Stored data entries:

lemma symcov_differentiable:
  assumes metric: "metric_on U g" and q: "q \<in> U" and L: "\<forall>a. smooth_fun U (\<lambda>q. L q a)"
  shows "(\<lambda>x. symcov g L x a b) differentiable (at q)"
  unfolding symcov_def
  by (intro differentiable_divide differentiable_add cov1_differentiable[OF metric q L]
      differentiable_const) simp

section \<open>Index gymnastics\<close>

lemma sum_swap_inner:
  "(\<Sum>a\<in>A. \<Sum>b\<in>B. \<Sum>c\<in>C. f a b c) = (\<Sum>a\<in>A. \<Sum>c\<in>C. \<Sum>b\<in>B. f a b c)"
  by (rule sum.cong[OF refl], rule sum.swap)

lemma sum_swap_inner2:
  "(\<Sum>a\<in>A. \<Sum>b\<in>B. \<Sum>c\<in>C. \<Sum>d\<in>D. f a b c d) = (\<Sum>a\<in>A. \<Sum>b\<in>B. \<Sum>d\<in>D. \<Sum>c\<in>C. f a b c d)"
  by (rule sum.cong[OF refl], rule sum_swap_inner)

lemma contract_accel_linear:
  fixes L :: "'n::finite \<Rightarrow> real" and G :: "'n \<Rightarrow> 'n \<Rightarrow> 'n \<Rightarrow> real" and v w :: "'n \<Rightarrow> real"
  assumes "\<And>a. w a = - (\<Sum>b\<in>UNIV. \<Sum>c\<in>UNIV. G a b c * v b * v c)"
  shows "(\<Sum>a\<in>UNIV. L a * w a) = - (\<Sum>a\<in>UNIV. \<Sum>b\<in>UNIV. (\<Sum>c\<in>UNIV. G c a b * L c) * v a * v b)"
proof -
  have "(\<Sum>a\<in>UNIV. L a * w a) = - (\<Sum>c\<in>UNIV. \<Sum>a\<in>UNIV. \<Sum>b\<in>UNIV. G c a b * L c * v a * v b)"
    by (simp add: assms sum_distrib_left sum_negf mult_ac)
  also have "(\<Sum>c\<in>UNIV. \<Sum>a\<in>UNIV. \<Sum>b\<in>UNIV. G c a b * L c * v a * v b)
      = (\<Sum>a\<in>UNIV. \<Sum>b\<in>UNIV. \<Sum>c\<in>UNIV. G c a b * L c * v a * v b)"
    by (subst sum.swap) (rule sum_swap_inner)
  also have "\<dots> = (\<Sum>a\<in>UNIV. \<Sum>b\<in>UNIV. (\<Sum>c\<in>UNIV. G c a b * L c) * v a * v b)"
    by (simp add: sum_distrib_right)
  finally show ?thesis .
qed

lemma contract_accel_quadratic_left:
  fixes T :: "'n::finite \<Rightarrow> 'n \<Rightarrow> real" and G :: "'n \<Rightarrow> 'n \<Rightarrow> 'n \<Rightarrow> real" and v w :: "'n \<Rightarrow> real"
  assumes "\<And>a. w a = - (\<Sum>b\<in>UNIV. \<Sum>c\<in>UNIV. G a b c * v b * v c)"
  shows "(\<Sum>a\<in>UNIV. \<Sum>b\<in>UNIV. T a b * w a * v b)
     = - (\<Sum>a\<in>UNIV. \<Sum>b\<in>UNIV. \<Sum>c\<in>UNIV. (\<Sum>d\<in>UNIV. G d c a * T d b) * v a * v b * v c)"
proof -
  let ?H = "\<lambda>a b x c. G a x c * T a b * v x * v c * v b"
  have "(\<Sum>a\<in>UNIV. \<Sum>b\<in>UNIV. T a b * w a * v b)
      = - (\<Sum>a\<in>UNIV. \<Sum>b\<in>UNIV. \<Sum>x\<in>UNIV. \<Sum>c\<in>UNIV. ?H a b x c)"
    by (simp add: assms sum_distrib_left sum_distrib_right sum_negf mult_ac)
  also have "(\<Sum>a\<in>UNIV. \<Sum>b\<in>UNIV. \<Sum>x\<in>UNIV. \<Sum>c\<in>UNIV. ?H a b x c)
      = (\<Sum>a\<in>UNIV. \<Sum>c\<in>UNIV. \<Sum>b\<in>UNIV. \<Sum>x\<in>UNIV. ?H a b x c)"
    by (subst sum_swap_inner2) (rule sum_swap_inner)
  also have "\<dots> = (\<Sum>c\<in>UNIV. \<Sum>b\<in>UNIV. \<Sum>x\<in>UNIV. \<Sum>a\<in>UNIV. ?H a b x c)"
    by (subst sum.swap) (subst sum_swap_inner, rule sum_swap_inner2)
  also have "\<dots> = (\<Sum>a\<in>UNIV. \<Sum>b\<in>UNIV. \<Sum>c\<in>UNIV. (\<Sum>d\<in>UNIV. G d c a * T d b) * v a * v b * v c)"
    by (simp add: sum_distrib_left sum_distrib_right mult_ac)
  finally show ?thesis .
qed

lemma contract_accel_quadratic_right:
  fixes T :: "'n::finite \<Rightarrow> 'n \<Rightarrow> real" and G :: "'n \<Rightarrow> 'n \<Rightarrow> 'n \<Rightarrow> real" and v w :: "'n \<Rightarrow> real"
  assumes "\<And>a. w a = - (\<Sum>b\<in>UNIV. \<Sum>c\<in>UNIV. G a b c * v b * v c)"
  shows "(\<Sum>a\<in>UNIV. \<Sum>b\<in>UNIV. T a b * v a * w b)
     = - (\<Sum>a\<in>UNIV. \<Sum>b\<in>UNIV. \<Sum>c\<in>UNIV. (\<Sum>d\<in>UNIV. G d c b * T a d) * v a * v b * v c)"
proof -
  have "(\<Sum>a\<in>UNIV. \<Sum>b\<in>UNIV. T a b * v a * w b) = (\<Sum>b\<in>UNIV. \<Sum>a\<in>UNIV. T a b * w b * v a)"
    by (subst sum.swap) (simp add: mult_ac)
  also have "\<dots> = - (\<Sum>a\<in>UNIV. \<Sum>b\<in>UNIV. \<Sum>c\<in>UNIV. (\<Sum>d\<in>UNIV. G d c a * T b d) * v a * v b * v c)"
    using contract_accel_quadratic_left[of w G v "\<lambda>a b. T b a", OF assms] by simp
  also have "(\<Sum>a\<in>UNIV. \<Sum>b\<in>UNIV. \<Sum>c\<in>UNIV. (\<Sum>d\<in>UNIV. G d c a * T b d) * v a * v b * v c)
      = (\<Sum>a\<in>UNIV. \<Sum>b\<in>UNIV. \<Sum>c\<in>UNIV. (\<Sum>d\<in>UNIV. G d c b * T a d) * v a * v b * v c)"
    by (subst sum.swap) (simp add: mult_ac)
  finally show ?thesis .
qed

definition cubic_form :: "('n::finite \<Rightarrow> 'n \<Rightarrow> 'n \<Rightarrow> real) \<Rightarrow> ('n \<Rightarrow> real) \<Rightarrow> real" where
  "cubic_form f v = (\<Sum>a\<in>UNIV. \<Sum>b\<in>UNIV. \<Sum>c\<in>UNIV. f a b c * v a * v b * v c)"

lemma cubic_form_swap12: "cubic_form (\<lambda>a b c. f b a c) v = cubic_form f v"
  unfolding cubic_form_def by (subst sum.swap) (simp add: mult_ac)

lemma cubic_form_swap23: "cubic_form (\<lambda>a b c. f a c b) v = cubic_form f v"
  unfolding cubic_form_def by (subst sum_swap_inner) (simp add: mult_ac)

lemma cubic_form_rotate: "cubic_form (\<lambda>a b c. f b c a) v = cubic_form f v"
  using cubic_form_swap12[of "\<lambda>x y z. f x z y" v] cubic_form_swap23[of f v] by simp

lemma cubic_form_rotate': "cubic_form (\<lambda>a b c. f c a b) v = cubic_form f v"
  using cubic_form_swap23[of "\<lambda>x y z. f y x z" v] cubic_form_swap12[of f v] by simp

lemma cubic_form_swap13: "cubic_form (\<lambda>a b c. f c b a) v = cubic_form f v"
  using cubic_form_swap12[of "\<lambda>x y z. f z x y" v] cubic_form_rotate'[of f v] by simp

lemma cubic_form_add: "cubic_form (\<lambda>a b c. f a b c + h a b c) v = cubic_form f v + cubic_form h v"
  unfolding cubic_form_def by (simp add: distrib_right sum.distrib)

lemma cubic_form_diff: "cubic_form (\<lambda>a b c. f a b c - h a b c) v = cubic_form f v - cubic_form h v"
  unfolding cubic_form_def by (simp add: left_diff_distrib sum_subtractf)

lemma cubic_form_divide: "cubic_form (\<lambda>a b c. f a b c / r) v = cubic_form f v / r"
  unfolding cubic_form_def by (simp add: sum_divide_distrib)

text \<open>A cubic form only sees the totally symmetric part of its coefficients, so the conformal
  Killing equation determines it completely.\<close>

lemma cubic_form_conformal:
  fixes K :: "'n::finite \<Rightarrow> 'n \<Rightarrow> 'n \<Rightarrow> real" and h :: "'n \<Rightarrow> 'n \<Rightarrow> real"
  assumes "\<forall>a b c. (K a b c + K b c a + K c a b + K b a c + K a c b + K c b a) / 6
      = (u a * h b c + u b * h c a + u c * h a b + u b * h a c + u a * h c b + u c * h b a) / 6"
  shows "cubic_form K v = (\<Sum>a\<in>UNIV. u a * v a) * (\<Sum>a\<in>UNIV. \<Sum>b\<in>UNIV. h a b * v a * v b)"
proof -
  let ?P = "\<lambda>a b c. u a * h b c"
  have "cubic_form (\<lambda>a b c. (K a b c + K b c a + K c a b + K b a c + K a c b + K c b a) / 6) v
      = cubic_form (\<lambda>a b c. (?P a b c + ?P b c a + ?P c a b + ?P b a c + ?P a c b + ?P c b a) / 6) v"
    by (simp only: assms)
  then have "cubic_form K v = cubic_form ?P v"
    by (simp only: cubic_form_divide cubic_form_add
        cubic_form_rotate[of K v] cubic_form_rotate'[of K v] cubic_form_swap12[of K v]
        cubic_form_swap23[of K v] cubic_form_swap13[of K v]
        cubic_form_rotate[of ?P v] cubic_form_rotate'[of ?P v] cubic_form_swap12[of ?P v]
        cubic_form_swap23[of ?P v] cubic_form_swap13[of ?P v]) simp
  also have "\<dots> = (\<Sum>a\<in>UNIV. u a * v a * (\<Sum>b\<in>UNIV. \<Sum>c\<in>UNIV. h b c * v b * v c))"
    unfolding cubic_form_def sum_distrib_left by (intro sum.cong refl) (simp only: mult_ac)
  finally show ?thesis by (simp add: sum_distrib_right)
qed

lemma quadratic_derivative_eq_cubic_form:
  fixes T :: "'n::finite \<Rightarrow> 'n \<Rightarrow> real" and dT G :: "'n \<Rightarrow> 'n \<Rightarrow> 'n \<Rightarrow> real" and v w :: "'n \<Rightarrow> real"
  assumes w: "\<And>a. w a = - (\<Sum>b\<in>UNIV. \<Sum>c\<in>UNIV. G a b c * v b * v c)"
  shows "(\<Sum>a\<in>UNIV. \<Sum>b\<in>UNIV. T a b * v a * w b + (T a b * w a + (\<Sum>c\<in>UNIV. dT a b c * v c) * v a) * v b)
     = cubic_form (\<lambda>a b c. dT a b c - (\<Sum>d\<in>UNIV. G d c a * T d b) - (\<Sum>d\<in>UNIV. G d c b * T a d)) v"
proof -
  have "(\<Sum>a\<in>UNIV. \<Sum>b\<in>UNIV. T a b * v a * w b + (T a b * w a + (\<Sum>c\<in>UNIV. dT a b c * v c) * v a) * v b)
     = (\<Sum>a\<in>UNIV. \<Sum>b\<in>UNIV. T a b * v a * w b) + (\<Sum>a\<in>UNIV. \<Sum>b\<in>UNIV. T a b * w a * v b)
       + (\<Sum>a\<in>UNIV. \<Sum>b\<in>UNIV. (\<Sum>c\<in>UNIV. dT a b c * v c) * v a * v b)"
    by (simp only: sum.distrib[symmetric] distrib_right) (simp only: add.assoc)
  also have "(\<Sum>a\<in>UNIV. \<Sum>b\<in>UNIV. (\<Sum>c\<in>UNIV. dT a b c * v c) * v a * v b) = cubic_form dT v"
    unfolding cubic_form_def sum_distrib_right by (intro sum.cong refl) (simp only: mult_ac)
  finally show ?thesis
    unfolding cubic_form_diff contract_accel_quadratic_left[OF w] contract_accel_quadratic_right[OF w]
    by (simp add: cubic_form_def)
qed

lemma linear_derivative_eq_quadratic:
  fixes L :: "'n::finite \<Rightarrow> real" and dL :: "'n \<Rightarrow> 'n \<Rightarrow> real" and G :: "'n \<Rightarrow> 'n \<Rightarrow> 'n \<Rightarrow> real"
    and v w :: "'n \<Rightarrow> real"
  assumes w: "\<And>a. w a = - (\<Sum>b\<in>UNIV. \<Sum>c\<in>UNIV. G a b c * v b * v c)"
  shows "(\<Sum>a\<in>UNIV. L a * w a + (\<Sum>c\<in>UNIV. dL a c * v c) * v a)
     = (\<Sum>a\<in>UNIV. \<Sum>b\<in>UNIV. (dL a b - (\<Sum>c\<in>UNIV. G c a b * L c)) * v a * v b)"
proof -
  have "(\<Sum>a\<in>UNIV. L a * w a + (\<Sum>c\<in>UNIV. dL a c * v c) * v a)
     = (\<Sum>a\<in>UNIV. L a * w a) + (\<Sum>a\<in>UNIV. \<Sum>b\<in>UNIV. dL a b * v a * v b)"
    unfolding sum.distrib sum_distrib_right by (simp only: mult_ac)
  then show ?thesis
    unfolding contract_accel_linear[OF w] left_diff_distrib sum_subtractf by simp
qed

lemma quad_form_linear_combination:
  "quad_form (\<lambda>a b. - (\<Sum>k\<in>K. c k * S k a b) + C a b) v
     = - (\<Sum>k\<in>K. c k * quad_form (S k) v) + quad_form C v"
proof -
  have "quad_form (\<lambda>a b. - (\<Sum>k\<in>K. c k * S k a b) + C a b) v
     = - (\<Sum>a\<in>UNIV. \<Sum>b\<in>UNIV. \<Sum>k\<in>K. c k * S k a b * v $ a * v $ b) + quad_form C v"
    by (simp only: distrib_right mult_minus_left sum_distrib_right sum.distrib sum_negf)
  also have "(\<Sum>a\<in>UNIV. \<Sum>b\<in>UNIV. \<Sum>k\<in>K. c k * S k a b * v $ a * v $ b)
      = (\<Sum>k\<in>K. \<Sum>a\<in>UNIV. \<Sum>b\<in>UNIV. c k * S k a b * v $ a * v $ b)"
    by (subst sum_swap_inner) (rule sum.swap)
  finally show ?thesis by (simp only: sum_distrib_left mult.assoc)
qed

[EXERCISE INSTRUCTIONS]
Your task is to collect every line above that contains the word "open".

[FINAL ANSWER]
section \<open>Index gymnastics\<close>
text \<open>A cubic form only sees the totally symmetric part of its coefficients, so the conformal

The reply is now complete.